*Saved entries*.
---------------

lemma pos_def_mat_right_inverse_diag_pos:
  fixes A W :: "real^'n^'n"
  assumes "pos_def_mat A" and "A ** W = mat 1"
  shows "W $ j $ j > 0"
proof -
  define v where "v = W *v axis j 1"
  have "A *v v = axis j 1"
    by (simp add: v_def matrix_vector_mul_assoc assms(2))
  moreover have "v \<noteq> 0"
    using calculation by auto
  ultimately have "v \<bullet> axis j 1 > 0"
    using assms(1) unfolding pos_def_mat_def by metis
  then have "v $ j > 0"
    by (simp add: inner_axis)
  then show ?thesis
    by (simp add: v_def matrix_vector_mult_basis column_def)
qed

lemma pos_def_mat_right_inverse:
  fixes A :: "real^'n^'n"
  assumes "pos_def_mat A"
  shows "A ** matrix_inv A = mat 1"
proof -
  have "\<forall>x. A *v x = 0 \<longrightarrow> x = 0"
    using assms unfolding pos_def_mat_def by (metis inner_zero_right less_irrefl)
  then have "invertible A"
    using matrix_left_invertible_ker invertible_left_inverse by blast
  then show ?thesis
    unfolding invertible_def matrix_inv_def by (rule someI_ex[THEN conjunct1])
qed

lemma pos_semidef_mat_diag_nonneg:
  assumes "pos_semidef_mat (S::real^'n^'n)"
  shows "S $ j $ j \<ge> 0"
proof -
  have "axis j 1 \<bullet> (S *v axis j 1) \<ge> 0"
    using assms unfolding pos_semidef_mat_def by blast
  then show ?thesis
    by (simp add: inner_axis' matrix_vector_mult_basis column_def)
qed

lemma inverts_minor_minor_inverse:
  fixes A W :: "real^'n::finite^'n"
  assumes "A ** W = mat 1" and "transpose W = W" and "W $ j $ j \<noteq> 0"
  shows "inverts_minor A j (minor_inverse W j)"
  unfolding inverts_minor_def
proof (intro allI impI)
  fix k l
  assume "k \<noteq> j" "l \<noteq> j"
  have entry: "(\<Sum>m\<in>UNIV. A$k$m * W$m$i) = (if k = i then 1 else 0)" for i
    using arg_cong[OF assms(1), of "\<lambda>M. M$k$i"] by (simp add: matrix_matrix_mult_def mat_def)
  have col_l: "(\<Sum>m\<in>UNIV - {j}. A$k$m * W$m$l) = (if k = l then 1 else 0) - A$k$j * W$j$l"
    using entry[of l] sum_UNIV_split[of "\<lambda>m. A$k$m * W$m$l" j] by simp
  have col_j: "(\<Sum>m\<in>UNIV - {j}. A$k$m * W$m$j) = - A$k$j * W$j$j"
    using entry[of j] sum_UNIV_split[of "\<lambda>m. A$k$m * W$m$j" j] \<open>k \<noteq> j\<close> by simp
  have "(\<Sum>m\<in>UNIV - {j}. A$k$m * minor_inverse W j m l)
      = (\<Sum>m\<in>UNIV - {j}. A$k$m * W$m$l) - (\<Sum>m\<in>UNIV - {j}. A$k$m * W$m$j) * (W$l$j / W$j$j)"
    by (simp add: minor_inverse_def right_diff_distrib sum_subtractf sum_distrib_right
        mult.assoc sum_divide_distrib)
  also have "\<dots> = (if k = l then 1 else 0)"
    using col_l col_j assms(2,3) by (simp add: transpose_eq_self_iff)
  finally show "(\<Sum>m\<in>UNIV - {j}. A$k$m * minor_inverse W j m l) = (if k = l then 1 else 0)" .
qed

lemma minor_inverse_symmetric:
  assumes "transpose W = W"
  shows "minor_inverse W j k l = minor_inverse W j l k"
  using assms by (simp add: minor_inverse_def transpose_eq_self_iff mult.commute)

lemma minor_quad_form_eq:
  "minor_quad_form A j beta = (\<Sum>k\<in>UNIV - {j}. beta k * minor_mult_vec A j beta k)"
  by (simp add: minor_quad_form_def minor_mult_vec_def sum_distrib_left mult.assoc)

lemma sum_mult_minor_mult_vec:
  fixes A :: "real^'n::finite^'n"
  assumes "inverts_minor A j Ai" and "k \<noteq> j"
  shows "(\<Sum>m\<in>UNIV - {j}. A$k$m * minor_mult_vec Ai j beta m) = beta k"
proof -
  have "(\<Sum>m\<in>UNIV - {j}. A$k$m * minor_mult_vec Ai j beta m)
      = (\<Sum>l\<in>UNIV - {j}. (\<Sum>m\<in>UNIV - {j}. A$k$m * Ai m l) * beta l)"
    unfolding minor_mult_vec_def sum_distrib_left sum_distrib_right mult.assoc
    by (rule sum.swap)
  also have "\<dots> = (\<Sum>l\<in>UNIV - {j}. if k = l then beta l else 0)"
    using assms by (intro sum.cong) (simp_all add: inverts_minor_def)
  also have "\<dots> = beta k"
    using assms(2) by simp
  finally show ?thesis .
qed

lemma transpose_border_mat:
  assumes "transpose A = A"
  shows "transpose (border_mat A j beta c) = border_mat A j beta c"
  using assms by (auto simp: transpose_eq_self_iff border_mat_def)

lemma border_mat_quadratic_form:
  fixes A :: "real^'n::finite^'n" and x :: "real^'n" and beta :: "'n \<Rightarrow> real"
  assumes "transpose A = A" and inv: "inverts_minor A j Ai"
  defines "z \<equiv> \<chi> k. if k = j then 0 else x$k + x$j * minor_mult_vec Ai j beta k"
  shows "x \<bullet> (border_mat A j beta (d + minor_quad_form Ai j beta) *v x) = z \<bullet> (A *v z) + d * (x$j)\<^sup>2"
proof -
  let ?R = "UNIV - {j}" and ?t = "x$j" and ?Ab = "minor_mult_vec Ai j beta"
  have x_A_Ab: "(\<Sum>a\<in>?R. \<Sum>b\<in>?R. x$a * A$a$b * ?Ab b) = (\<Sum>a\<in>?R. x$a * beta a)"
  proof -
    have "(\<Sum>a\<in>?R. \<Sum>b\<in>?R. x$a * A$a$b * ?Ab b) = (\<Sum>a\<in>?R. x$a * (\<Sum>b\<in>?R. A$a$b * ?Ab b))"
      by (simp add: sum_distrib_left mult.assoc)
    then show ?thesis
      by (simp add: sum_mult_minor_mult_vec[OF inv])
  qed
  have Ab_A_x: "(\<Sum>a\<in>?R. \<Sum>b\<in>?R. ?Ab a * A$a$b * x$b) = (\<Sum>a\<in>?R. x$a * beta a)"
  proof -
    have "(\<Sum>a\<in>?R. \<Sum>b\<in>?R. ?Ab a * A$a$b * x$b) = (\<Sum>b\<in>?R. \<Sum>a\<in>?R. x$b * A$b$a * ?Ab a)"
      using assms(1) by (subst sum.swap) (simp add: transpose_eq_self_iff mult_ac)
    then show ?thesis
      using x_A_Ab by simp
  qed
  have Ab_A_Ab: "(\<Sum>a\<in>?R. \<Sum>b\<in>?R. ?Ab a * A$a$b * ?Ab b) = minor_quad_form Ai j beta"
  proof -
    have "(\<Sum>a\<in>?R. \<Sum>b\<in>?R. ?Ab a * A$a$b * ?Ab b) = (\<Sum>a\<in>?R. ?Ab a * (\<Sum>b\<in>?R. A$a$b * ?Ab b))"
      by (simp add: sum_distrib_left mult.assoc)
    then show ?thesis
      by (simp add: sum_mult_minor_mult_vec[OF inv] minor_quad_form_eq mult.commute)
  qed
  have "z \<bullet> (A *v z) = (\<Sum>a\<in>?R. \<Sum>b\<in>?R. (x$a + ?t * ?Ab a) * A$a$b * (x$b + ?t * ?Ab b))"
    by (simp add: inner_mat_vec_double_sum sum_UNIV_split[of _ j] z_def)
  also have "\<dots> = (\<Sum>a\<in>?R. \<Sum>b\<in>?R. x$a * A$a$b * x$b)
      + ?t * (\<Sum>a\<in>?R. \<Sum>b\<in>?R. x$a * A$a$b * ?Ab b) + ?t * (\<Sum>a\<in>?R. \<Sum>b\<in>?R. ?Ab a * A$a$b * x$b)
      + ?t * ?t * (\<Sum>a\<in>?R. \<Sum>b\<in>?R. ?Ab a * A$a$b * ?Ab b)"
    by (simp add: sum.distrib sum_distrib_left algebra_simps)
  finally have z_form: "z \<bullet> (A *v z) = (\<Sum>a\<in>?R. \<Sum>b\<in>?R. x$a * A$a$b * x$b)
      + 2 * ?t * (\<Sum>a\<in>?R. x$a * beta a) + ?t * ?t * minor_quad_form Ai j beta"
    unfolding x_A_Ab Ab_A_x Ab_A_Ab by simp
  have "x \<bullet> (border_mat A j beta (d + minor_quad_form Ai j beta) *v x)
      = ?t * (d + minor_quad_form Ai j beta) * ?t + (\<Sum>b\<in>?R. ?t * beta b * x$b)
        + (\<Sum>a\<in>?R. x$a * beta a * ?t) + (\<Sum>a\<in>?R. \<Sum>b\<in>?R. x$a * A$a$b * x$b)"
    by (simp add: inner_mat_vec_double_sum sum_UNIV_split[of _ j] border_mat_def sum.distrib algebra_simps)
  then show ?thesis
    unfolding z_form by (simp add: sum_distrib_left sum_distrib_right algebra_simps power2_eq_square)
qed

lemma pos_def_border_mat:
  fixes A :: "real^'n::finite^'n"
  assumes "pos_def_mat A" and inv: "inverts_minor A j Ai" and "d > 0"
  shows "pos_def_mat (border_mat A j beta (d + minor_quad_form Ai j beta))"
  unfolding pos_def_mat_def
proof (intro conjI allI impI)
  have "transpose A = A"
    using assms(1) by (simp add: pos_def_mat_def)
  then show "transpose (border_mat A j beta (d + minor_quad_form Ai j beta))
      = border_mat A j beta (d + minor_quad_form Ai j beta)"
    by (rule transpose_border_mat)
  fix x :: "real^'n"
  assume "x \<noteq> 0"
  define z where "z = (\<chi> k. if k = j then 0 else x$k + x$j * minor_mult_vec Ai j beta k)"
  have form: "x \<bullet> (border_mat A j beta (d + minor_quad_form Ai j beta) *v x) = z \<bullet> (A *v z) + d * (x$j)\<^sup>2"
    unfolding z_def using \<open>transpose A = A\<close> inv by (rule border_mat_quadratic_form)
  have A_pos: "z \<noteq> 0 \<Longrightarrow> z \<bullet> (A *v z) > 0"
    using assms(1) by (simp add: pos_def_mat_def)
  show "x \<bullet> (border_mat A j beta (d + minor_quad_form Ai j beta) *v x) > 0"
  proof (cases "x$j = 0")
    case True
    then have "z = x"
      by (simp add: vec_eq_iff z_def)
    then show ?thesis
      using form A_pos \<open>x \<noteq> 0\<close> True by simp
  next
    case False
    have "z \<bullet> (A *v z) \<ge> 0"
      using A_pos by (cases "z = 0") (auto intro: less_imp_le)
    then show ?thesis
      using form False \<open>d > 0\<close> by (simp add: add_nonneg_pos)
  qed
qed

---------------

*ABOUT THIS TASK*.
Which of the lines above hold the string "finally"? Copy each one.

*RESULT OF THE TASK*.
  finally show "(\<Sum>m\<in>UNIV - {j}. A$k$m * minor_inverse W j m l) = (if k = l then 1 else 0)" .
  finally show ?thesis .
  finally have z_form: "z \<bullet> (A *v z) = (\<Sum>a\<in>?R. \<Sum>b\<in>?R. x$a * A$a$b * x$b)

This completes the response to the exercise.